What you are asked to do ->
From the line with "trial by simp" to the line with "define u where", retype every line exactly, including those two, and leave out the rest of the data below.

Given entries ->
# # # # # # #
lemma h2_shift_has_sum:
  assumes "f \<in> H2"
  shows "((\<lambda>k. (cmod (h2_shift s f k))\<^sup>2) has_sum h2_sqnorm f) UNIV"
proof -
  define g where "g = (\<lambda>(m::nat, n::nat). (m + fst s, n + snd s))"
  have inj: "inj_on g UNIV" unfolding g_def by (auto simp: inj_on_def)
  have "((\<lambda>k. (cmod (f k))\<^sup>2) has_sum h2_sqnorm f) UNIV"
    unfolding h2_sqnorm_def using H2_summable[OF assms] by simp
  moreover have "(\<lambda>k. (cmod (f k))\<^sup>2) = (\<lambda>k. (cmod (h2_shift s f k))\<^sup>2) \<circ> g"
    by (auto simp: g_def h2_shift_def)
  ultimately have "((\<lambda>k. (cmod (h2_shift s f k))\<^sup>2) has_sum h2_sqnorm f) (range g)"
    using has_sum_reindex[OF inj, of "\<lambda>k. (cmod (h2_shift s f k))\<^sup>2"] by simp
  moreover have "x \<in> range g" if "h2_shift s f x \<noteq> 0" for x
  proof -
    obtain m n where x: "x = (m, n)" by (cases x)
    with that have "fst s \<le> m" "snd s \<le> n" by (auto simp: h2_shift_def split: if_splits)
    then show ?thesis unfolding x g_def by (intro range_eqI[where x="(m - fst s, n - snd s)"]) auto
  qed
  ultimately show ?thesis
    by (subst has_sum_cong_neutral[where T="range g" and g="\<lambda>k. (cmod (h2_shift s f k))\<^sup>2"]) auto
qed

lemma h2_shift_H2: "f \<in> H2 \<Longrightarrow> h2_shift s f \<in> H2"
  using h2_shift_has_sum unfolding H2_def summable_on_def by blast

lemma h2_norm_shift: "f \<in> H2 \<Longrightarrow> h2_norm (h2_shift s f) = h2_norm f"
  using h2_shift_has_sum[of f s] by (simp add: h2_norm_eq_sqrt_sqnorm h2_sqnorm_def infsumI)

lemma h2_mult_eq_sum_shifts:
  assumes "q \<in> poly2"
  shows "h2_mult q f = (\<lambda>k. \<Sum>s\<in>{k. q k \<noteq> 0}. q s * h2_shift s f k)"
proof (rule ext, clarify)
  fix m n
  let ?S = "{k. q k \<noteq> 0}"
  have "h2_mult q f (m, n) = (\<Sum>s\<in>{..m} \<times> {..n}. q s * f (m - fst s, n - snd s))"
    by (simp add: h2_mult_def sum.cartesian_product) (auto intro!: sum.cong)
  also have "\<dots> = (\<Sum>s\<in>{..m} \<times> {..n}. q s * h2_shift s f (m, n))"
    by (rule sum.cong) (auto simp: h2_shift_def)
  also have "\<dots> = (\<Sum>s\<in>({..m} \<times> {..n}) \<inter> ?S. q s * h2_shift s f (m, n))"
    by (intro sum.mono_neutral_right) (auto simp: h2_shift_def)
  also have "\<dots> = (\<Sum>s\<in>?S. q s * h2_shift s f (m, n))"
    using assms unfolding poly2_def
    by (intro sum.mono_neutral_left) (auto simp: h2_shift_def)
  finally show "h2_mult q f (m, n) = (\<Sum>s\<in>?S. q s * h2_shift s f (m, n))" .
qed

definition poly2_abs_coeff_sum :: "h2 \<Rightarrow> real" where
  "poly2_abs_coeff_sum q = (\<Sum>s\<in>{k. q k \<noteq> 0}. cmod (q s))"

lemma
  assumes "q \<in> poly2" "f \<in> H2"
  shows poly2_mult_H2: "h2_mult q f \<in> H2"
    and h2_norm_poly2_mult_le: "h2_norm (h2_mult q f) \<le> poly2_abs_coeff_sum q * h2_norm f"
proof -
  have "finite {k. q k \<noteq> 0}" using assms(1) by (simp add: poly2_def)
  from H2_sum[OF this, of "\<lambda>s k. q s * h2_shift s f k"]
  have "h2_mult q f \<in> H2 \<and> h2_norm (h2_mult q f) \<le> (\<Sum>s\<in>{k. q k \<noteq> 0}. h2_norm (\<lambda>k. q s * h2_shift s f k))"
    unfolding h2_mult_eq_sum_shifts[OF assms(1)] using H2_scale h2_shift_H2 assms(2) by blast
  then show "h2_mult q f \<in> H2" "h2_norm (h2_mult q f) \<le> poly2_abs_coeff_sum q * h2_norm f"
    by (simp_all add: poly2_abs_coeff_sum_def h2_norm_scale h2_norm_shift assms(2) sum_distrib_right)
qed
# # # # # # #
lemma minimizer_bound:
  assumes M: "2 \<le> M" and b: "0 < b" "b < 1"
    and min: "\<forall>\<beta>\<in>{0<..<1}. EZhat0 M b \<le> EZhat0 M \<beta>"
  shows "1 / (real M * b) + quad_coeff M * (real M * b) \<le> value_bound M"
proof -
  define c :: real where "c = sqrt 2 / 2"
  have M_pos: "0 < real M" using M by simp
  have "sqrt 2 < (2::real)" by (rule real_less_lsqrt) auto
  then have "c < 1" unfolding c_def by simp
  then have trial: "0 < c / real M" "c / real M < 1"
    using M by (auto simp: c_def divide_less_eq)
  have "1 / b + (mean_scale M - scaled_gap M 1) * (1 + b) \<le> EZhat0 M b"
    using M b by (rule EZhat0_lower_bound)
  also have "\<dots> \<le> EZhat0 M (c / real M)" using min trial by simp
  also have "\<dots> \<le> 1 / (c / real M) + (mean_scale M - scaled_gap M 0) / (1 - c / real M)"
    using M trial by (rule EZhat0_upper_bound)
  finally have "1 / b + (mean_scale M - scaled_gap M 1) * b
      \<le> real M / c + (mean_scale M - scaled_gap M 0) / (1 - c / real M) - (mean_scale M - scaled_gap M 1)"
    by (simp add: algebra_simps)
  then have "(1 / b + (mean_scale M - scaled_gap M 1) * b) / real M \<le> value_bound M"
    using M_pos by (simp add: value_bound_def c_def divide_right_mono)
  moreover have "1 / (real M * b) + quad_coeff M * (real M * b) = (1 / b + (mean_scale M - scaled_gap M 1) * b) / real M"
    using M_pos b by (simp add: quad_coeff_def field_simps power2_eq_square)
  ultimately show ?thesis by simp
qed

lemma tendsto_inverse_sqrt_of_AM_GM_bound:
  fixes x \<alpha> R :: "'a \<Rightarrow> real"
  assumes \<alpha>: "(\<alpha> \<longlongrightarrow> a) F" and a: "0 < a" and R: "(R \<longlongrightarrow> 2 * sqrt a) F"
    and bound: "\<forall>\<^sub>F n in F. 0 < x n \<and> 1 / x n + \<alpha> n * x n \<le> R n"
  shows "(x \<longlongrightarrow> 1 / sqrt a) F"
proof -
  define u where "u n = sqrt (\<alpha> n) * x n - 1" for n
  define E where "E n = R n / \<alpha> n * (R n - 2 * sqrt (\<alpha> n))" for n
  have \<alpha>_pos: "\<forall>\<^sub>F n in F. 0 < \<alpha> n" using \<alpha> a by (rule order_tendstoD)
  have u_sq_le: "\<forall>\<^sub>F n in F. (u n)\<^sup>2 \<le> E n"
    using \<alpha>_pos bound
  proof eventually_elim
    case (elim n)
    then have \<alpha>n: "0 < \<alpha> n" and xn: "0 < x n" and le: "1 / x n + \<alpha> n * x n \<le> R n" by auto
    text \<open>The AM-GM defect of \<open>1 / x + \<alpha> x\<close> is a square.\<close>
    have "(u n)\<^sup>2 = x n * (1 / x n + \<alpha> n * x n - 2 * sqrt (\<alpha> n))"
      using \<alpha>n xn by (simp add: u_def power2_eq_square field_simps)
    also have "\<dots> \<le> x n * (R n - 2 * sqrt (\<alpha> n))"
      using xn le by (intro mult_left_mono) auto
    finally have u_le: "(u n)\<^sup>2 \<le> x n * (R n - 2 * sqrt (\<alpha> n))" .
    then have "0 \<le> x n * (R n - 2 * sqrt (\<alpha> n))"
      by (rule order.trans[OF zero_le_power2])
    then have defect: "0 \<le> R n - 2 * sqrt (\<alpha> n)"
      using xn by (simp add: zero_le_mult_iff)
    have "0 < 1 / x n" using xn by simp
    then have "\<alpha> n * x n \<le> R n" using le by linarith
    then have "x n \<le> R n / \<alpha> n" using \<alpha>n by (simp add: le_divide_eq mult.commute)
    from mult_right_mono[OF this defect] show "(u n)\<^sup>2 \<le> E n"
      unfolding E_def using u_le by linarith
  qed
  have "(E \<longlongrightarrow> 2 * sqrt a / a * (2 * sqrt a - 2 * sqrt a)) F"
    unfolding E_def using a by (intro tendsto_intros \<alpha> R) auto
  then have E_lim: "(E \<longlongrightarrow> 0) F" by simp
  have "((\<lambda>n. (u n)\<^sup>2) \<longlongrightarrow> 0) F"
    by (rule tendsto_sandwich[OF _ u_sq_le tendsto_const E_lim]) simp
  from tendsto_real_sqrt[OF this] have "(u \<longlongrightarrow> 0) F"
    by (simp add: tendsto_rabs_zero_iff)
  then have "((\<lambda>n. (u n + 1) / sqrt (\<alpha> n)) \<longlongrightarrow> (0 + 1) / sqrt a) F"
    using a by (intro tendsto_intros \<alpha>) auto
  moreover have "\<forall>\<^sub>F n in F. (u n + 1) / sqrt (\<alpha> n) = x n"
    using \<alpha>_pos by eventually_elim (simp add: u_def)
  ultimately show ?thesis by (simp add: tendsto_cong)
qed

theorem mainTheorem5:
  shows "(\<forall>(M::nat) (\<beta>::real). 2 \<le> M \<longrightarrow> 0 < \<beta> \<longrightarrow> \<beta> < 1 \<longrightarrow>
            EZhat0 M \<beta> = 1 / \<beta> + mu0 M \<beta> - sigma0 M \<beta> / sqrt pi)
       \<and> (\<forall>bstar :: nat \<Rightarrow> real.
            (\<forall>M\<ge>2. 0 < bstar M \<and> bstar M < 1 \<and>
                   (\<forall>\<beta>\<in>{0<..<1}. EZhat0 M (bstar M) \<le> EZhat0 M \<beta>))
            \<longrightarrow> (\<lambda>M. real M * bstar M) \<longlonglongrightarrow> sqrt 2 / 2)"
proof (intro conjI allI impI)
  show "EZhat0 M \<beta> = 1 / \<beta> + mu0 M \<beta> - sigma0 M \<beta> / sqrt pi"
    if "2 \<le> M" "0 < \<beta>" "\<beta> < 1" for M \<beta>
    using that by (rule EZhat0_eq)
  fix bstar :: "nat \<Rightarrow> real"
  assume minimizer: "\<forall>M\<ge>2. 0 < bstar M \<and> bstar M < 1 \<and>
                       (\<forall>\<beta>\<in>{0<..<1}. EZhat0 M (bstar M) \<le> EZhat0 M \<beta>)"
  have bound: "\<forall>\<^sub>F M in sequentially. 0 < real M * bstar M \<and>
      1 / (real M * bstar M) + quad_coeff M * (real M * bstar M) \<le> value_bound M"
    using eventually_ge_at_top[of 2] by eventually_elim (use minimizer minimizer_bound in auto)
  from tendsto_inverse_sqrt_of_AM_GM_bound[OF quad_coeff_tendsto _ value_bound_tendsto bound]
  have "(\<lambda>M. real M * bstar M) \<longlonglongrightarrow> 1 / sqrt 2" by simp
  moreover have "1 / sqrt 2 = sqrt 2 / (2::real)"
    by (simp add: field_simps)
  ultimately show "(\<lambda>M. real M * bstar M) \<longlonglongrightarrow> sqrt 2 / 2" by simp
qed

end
# # # # # # #
Answer for this exercise ->
  also have "\<dots> \<le> EZhat0 M (c / real M)" using min trial by simp
  also have "\<dots> \<le> 1 / (c / real M) + (mean_scale M - scaled_gap M 0) / (1 - c / real M)"
    using M trial by (rule EZhat0_upper_bound)
  finally have "1 / b + (mean_scale M - scaled_gap M 1) * b
      \<le> real M / c + (mean_scale M - scaled_gap M 0) / (1 - c / real M) - (mean_scale M - scaled_gap M 1)"
    by (simp add: algebra_simps)
  then have "(1 / b + (mean_scale M - scaled_gap M 1) * b) / real M \<le> value_bound M"
    using M_pos by (simp add: value_bound_def c_def divide_right_mono)
  moreover have "1 / (real M * b) + quad_coeff M * (real M * b) = (1 / b + (mean_scale M - scaled_gap M 1) * b) / real M"
    using M_pos b by (simp add: quad_coeff_def field_simps power2_eq_square)
  ultimately show ?thesis by simp
qed

lemma tendsto_inverse_sqrt_of_AM_GM_bound:
  fixes x \<alpha> R :: "'a \<Rightarrow> real"
  assumes \<alpha>: "(\<alpha> \<longlongrightarrow> a) F" and a: "0 < a" and R: "(R \<longlongrightarrow> 2 * sqrt a) F"
    and bound: "\<forall>\<^sub>F n in F. 0 < x n \<and> 1 / x n + \<alpha> n * x n \<le> R n"
  shows "(x \<longlongrightarrow> 1 / sqrt a) F"
proof -
  define u where "u n = sqrt (\<alpha> n) * x n - 1" for n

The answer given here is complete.